-- Collected data entries --
•••••

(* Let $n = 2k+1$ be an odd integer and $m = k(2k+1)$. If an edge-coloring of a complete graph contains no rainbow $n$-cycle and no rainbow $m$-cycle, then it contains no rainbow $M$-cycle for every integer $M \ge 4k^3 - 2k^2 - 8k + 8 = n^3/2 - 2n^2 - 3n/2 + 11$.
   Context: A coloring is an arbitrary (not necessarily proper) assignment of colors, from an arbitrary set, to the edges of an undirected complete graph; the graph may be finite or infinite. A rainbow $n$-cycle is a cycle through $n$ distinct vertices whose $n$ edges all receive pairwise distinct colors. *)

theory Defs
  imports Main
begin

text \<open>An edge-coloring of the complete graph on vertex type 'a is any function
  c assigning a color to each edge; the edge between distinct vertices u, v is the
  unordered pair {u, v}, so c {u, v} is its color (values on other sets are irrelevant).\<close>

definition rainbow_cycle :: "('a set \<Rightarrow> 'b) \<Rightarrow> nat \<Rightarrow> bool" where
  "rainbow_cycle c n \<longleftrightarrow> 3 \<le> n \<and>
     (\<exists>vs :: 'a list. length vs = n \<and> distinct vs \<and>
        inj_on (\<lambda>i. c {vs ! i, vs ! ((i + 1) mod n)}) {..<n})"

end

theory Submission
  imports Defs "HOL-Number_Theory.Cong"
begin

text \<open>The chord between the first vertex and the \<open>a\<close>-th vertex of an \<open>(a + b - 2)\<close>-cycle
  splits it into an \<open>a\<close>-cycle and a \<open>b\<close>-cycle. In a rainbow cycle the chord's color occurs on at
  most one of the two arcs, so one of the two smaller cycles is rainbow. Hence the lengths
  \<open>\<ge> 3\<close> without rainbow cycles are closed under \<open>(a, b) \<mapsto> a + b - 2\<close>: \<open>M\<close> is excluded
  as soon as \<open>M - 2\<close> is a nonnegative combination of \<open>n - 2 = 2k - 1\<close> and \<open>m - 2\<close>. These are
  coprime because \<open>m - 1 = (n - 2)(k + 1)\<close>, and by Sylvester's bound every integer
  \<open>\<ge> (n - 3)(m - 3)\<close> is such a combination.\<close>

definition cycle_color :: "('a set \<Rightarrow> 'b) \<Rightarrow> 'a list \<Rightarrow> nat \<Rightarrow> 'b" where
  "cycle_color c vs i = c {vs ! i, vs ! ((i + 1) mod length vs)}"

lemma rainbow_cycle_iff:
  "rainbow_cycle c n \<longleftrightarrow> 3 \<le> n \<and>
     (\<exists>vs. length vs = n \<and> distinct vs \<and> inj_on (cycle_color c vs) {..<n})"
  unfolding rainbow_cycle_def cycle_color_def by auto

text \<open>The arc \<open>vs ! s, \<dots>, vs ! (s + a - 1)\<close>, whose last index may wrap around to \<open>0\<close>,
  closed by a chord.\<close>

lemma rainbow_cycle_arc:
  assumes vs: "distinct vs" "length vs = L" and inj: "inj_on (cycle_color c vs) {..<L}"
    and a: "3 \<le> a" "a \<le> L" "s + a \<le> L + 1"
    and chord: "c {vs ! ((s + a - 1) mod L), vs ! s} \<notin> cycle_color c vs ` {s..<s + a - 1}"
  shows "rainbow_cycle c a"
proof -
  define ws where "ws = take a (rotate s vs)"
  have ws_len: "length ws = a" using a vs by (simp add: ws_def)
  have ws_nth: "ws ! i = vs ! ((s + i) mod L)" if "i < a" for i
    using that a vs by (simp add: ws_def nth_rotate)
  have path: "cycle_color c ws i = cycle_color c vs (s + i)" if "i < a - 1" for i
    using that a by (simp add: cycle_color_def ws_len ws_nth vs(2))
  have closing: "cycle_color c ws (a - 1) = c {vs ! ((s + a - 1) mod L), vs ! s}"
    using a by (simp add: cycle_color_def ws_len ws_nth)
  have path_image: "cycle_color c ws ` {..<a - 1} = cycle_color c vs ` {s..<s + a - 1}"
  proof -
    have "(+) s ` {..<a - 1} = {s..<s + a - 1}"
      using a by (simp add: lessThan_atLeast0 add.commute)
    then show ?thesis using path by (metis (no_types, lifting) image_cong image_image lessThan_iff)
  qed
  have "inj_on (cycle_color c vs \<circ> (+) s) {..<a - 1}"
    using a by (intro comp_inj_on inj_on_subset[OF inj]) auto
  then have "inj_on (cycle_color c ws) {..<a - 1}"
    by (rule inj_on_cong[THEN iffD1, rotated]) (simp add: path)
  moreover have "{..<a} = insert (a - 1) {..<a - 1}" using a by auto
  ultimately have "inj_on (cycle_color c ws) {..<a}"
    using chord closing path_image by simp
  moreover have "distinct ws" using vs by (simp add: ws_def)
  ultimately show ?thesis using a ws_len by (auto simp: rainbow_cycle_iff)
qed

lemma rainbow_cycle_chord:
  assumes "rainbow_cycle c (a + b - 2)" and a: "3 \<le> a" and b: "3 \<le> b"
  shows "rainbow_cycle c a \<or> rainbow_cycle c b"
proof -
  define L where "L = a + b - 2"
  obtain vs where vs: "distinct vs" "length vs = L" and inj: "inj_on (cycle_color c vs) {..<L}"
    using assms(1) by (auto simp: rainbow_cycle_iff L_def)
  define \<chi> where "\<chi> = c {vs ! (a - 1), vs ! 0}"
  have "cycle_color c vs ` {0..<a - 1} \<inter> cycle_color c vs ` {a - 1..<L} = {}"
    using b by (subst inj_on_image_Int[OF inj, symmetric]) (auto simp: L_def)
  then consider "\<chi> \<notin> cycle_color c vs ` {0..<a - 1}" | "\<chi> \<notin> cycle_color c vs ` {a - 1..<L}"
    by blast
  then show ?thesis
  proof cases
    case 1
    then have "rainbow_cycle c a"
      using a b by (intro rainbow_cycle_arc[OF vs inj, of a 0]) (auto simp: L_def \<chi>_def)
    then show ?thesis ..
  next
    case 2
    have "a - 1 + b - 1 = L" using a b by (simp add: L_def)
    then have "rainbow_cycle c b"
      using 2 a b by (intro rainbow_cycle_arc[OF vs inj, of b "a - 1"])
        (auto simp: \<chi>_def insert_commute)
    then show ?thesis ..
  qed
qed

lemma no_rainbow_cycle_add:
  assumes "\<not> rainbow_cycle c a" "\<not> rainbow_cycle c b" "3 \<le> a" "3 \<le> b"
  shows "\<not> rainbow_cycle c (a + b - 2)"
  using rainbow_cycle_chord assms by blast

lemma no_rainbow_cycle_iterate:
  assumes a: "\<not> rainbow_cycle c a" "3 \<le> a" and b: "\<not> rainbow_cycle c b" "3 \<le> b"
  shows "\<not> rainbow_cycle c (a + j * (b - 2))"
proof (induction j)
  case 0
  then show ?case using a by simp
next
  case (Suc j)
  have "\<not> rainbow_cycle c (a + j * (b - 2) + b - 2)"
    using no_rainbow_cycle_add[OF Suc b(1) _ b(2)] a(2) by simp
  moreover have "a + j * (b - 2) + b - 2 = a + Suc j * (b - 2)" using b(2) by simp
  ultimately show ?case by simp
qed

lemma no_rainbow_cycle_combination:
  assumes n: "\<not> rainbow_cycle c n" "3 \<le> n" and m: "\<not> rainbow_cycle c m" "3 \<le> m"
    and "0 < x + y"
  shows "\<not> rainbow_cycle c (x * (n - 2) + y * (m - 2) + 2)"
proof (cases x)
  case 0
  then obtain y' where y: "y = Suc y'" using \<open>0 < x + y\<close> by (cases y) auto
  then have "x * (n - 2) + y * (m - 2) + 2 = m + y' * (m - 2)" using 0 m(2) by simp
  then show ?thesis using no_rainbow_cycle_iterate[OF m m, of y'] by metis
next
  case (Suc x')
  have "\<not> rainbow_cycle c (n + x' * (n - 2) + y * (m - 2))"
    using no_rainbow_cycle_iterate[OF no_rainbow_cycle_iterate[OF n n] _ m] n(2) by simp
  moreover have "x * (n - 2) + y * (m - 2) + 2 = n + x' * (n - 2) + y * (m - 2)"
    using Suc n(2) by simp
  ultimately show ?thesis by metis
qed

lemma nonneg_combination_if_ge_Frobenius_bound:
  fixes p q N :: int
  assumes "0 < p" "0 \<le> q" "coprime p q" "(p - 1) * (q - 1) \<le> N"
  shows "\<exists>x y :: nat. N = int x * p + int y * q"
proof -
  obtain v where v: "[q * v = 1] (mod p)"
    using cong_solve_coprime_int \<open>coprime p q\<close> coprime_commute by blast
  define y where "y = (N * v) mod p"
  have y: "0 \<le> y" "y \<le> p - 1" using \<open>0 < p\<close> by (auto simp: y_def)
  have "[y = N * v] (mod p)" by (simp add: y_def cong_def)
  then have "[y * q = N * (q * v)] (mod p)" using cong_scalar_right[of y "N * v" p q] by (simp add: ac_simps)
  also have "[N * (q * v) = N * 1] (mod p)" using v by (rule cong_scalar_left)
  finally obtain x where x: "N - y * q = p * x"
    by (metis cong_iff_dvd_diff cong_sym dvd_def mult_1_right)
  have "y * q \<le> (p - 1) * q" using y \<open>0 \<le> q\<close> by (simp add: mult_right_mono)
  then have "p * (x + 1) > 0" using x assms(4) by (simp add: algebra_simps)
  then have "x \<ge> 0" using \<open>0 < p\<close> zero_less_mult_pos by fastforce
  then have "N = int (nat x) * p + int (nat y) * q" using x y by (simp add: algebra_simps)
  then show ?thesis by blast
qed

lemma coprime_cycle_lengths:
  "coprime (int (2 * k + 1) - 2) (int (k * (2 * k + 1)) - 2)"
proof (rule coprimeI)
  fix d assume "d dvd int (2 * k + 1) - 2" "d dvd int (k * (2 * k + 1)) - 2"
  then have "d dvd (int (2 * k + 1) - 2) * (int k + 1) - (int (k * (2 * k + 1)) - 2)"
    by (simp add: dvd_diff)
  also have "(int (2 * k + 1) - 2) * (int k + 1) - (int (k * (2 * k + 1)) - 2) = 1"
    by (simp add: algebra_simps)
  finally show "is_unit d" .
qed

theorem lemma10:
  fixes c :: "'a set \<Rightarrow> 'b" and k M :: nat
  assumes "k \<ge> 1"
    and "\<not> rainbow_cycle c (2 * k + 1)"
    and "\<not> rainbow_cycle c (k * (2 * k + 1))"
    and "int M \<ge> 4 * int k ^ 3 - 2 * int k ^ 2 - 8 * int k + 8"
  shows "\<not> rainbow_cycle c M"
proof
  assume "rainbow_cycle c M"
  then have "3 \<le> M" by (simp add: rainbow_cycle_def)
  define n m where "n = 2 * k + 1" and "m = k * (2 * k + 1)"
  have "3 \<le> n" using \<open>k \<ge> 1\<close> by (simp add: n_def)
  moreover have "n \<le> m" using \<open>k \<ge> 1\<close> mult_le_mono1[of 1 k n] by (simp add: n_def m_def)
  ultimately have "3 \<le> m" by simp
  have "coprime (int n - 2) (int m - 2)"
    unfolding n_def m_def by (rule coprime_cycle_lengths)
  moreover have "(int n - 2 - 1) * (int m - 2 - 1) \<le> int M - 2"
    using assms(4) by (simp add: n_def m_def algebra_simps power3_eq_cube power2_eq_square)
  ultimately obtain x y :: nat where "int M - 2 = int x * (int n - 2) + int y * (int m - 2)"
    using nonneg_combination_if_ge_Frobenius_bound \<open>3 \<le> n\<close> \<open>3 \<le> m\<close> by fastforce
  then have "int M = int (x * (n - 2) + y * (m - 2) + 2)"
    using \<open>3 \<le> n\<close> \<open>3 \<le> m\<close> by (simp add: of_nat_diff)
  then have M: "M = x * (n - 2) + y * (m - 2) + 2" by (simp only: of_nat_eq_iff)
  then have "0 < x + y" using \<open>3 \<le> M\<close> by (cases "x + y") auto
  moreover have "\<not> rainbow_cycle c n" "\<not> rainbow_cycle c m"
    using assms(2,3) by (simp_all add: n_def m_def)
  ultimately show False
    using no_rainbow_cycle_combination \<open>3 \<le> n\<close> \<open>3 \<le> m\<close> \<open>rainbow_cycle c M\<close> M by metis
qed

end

•••••

-- PROBLEM TO WORK ON --
Tally the lines above that include "cases", and reply with only the tally.

-- RESULT BELOW --
4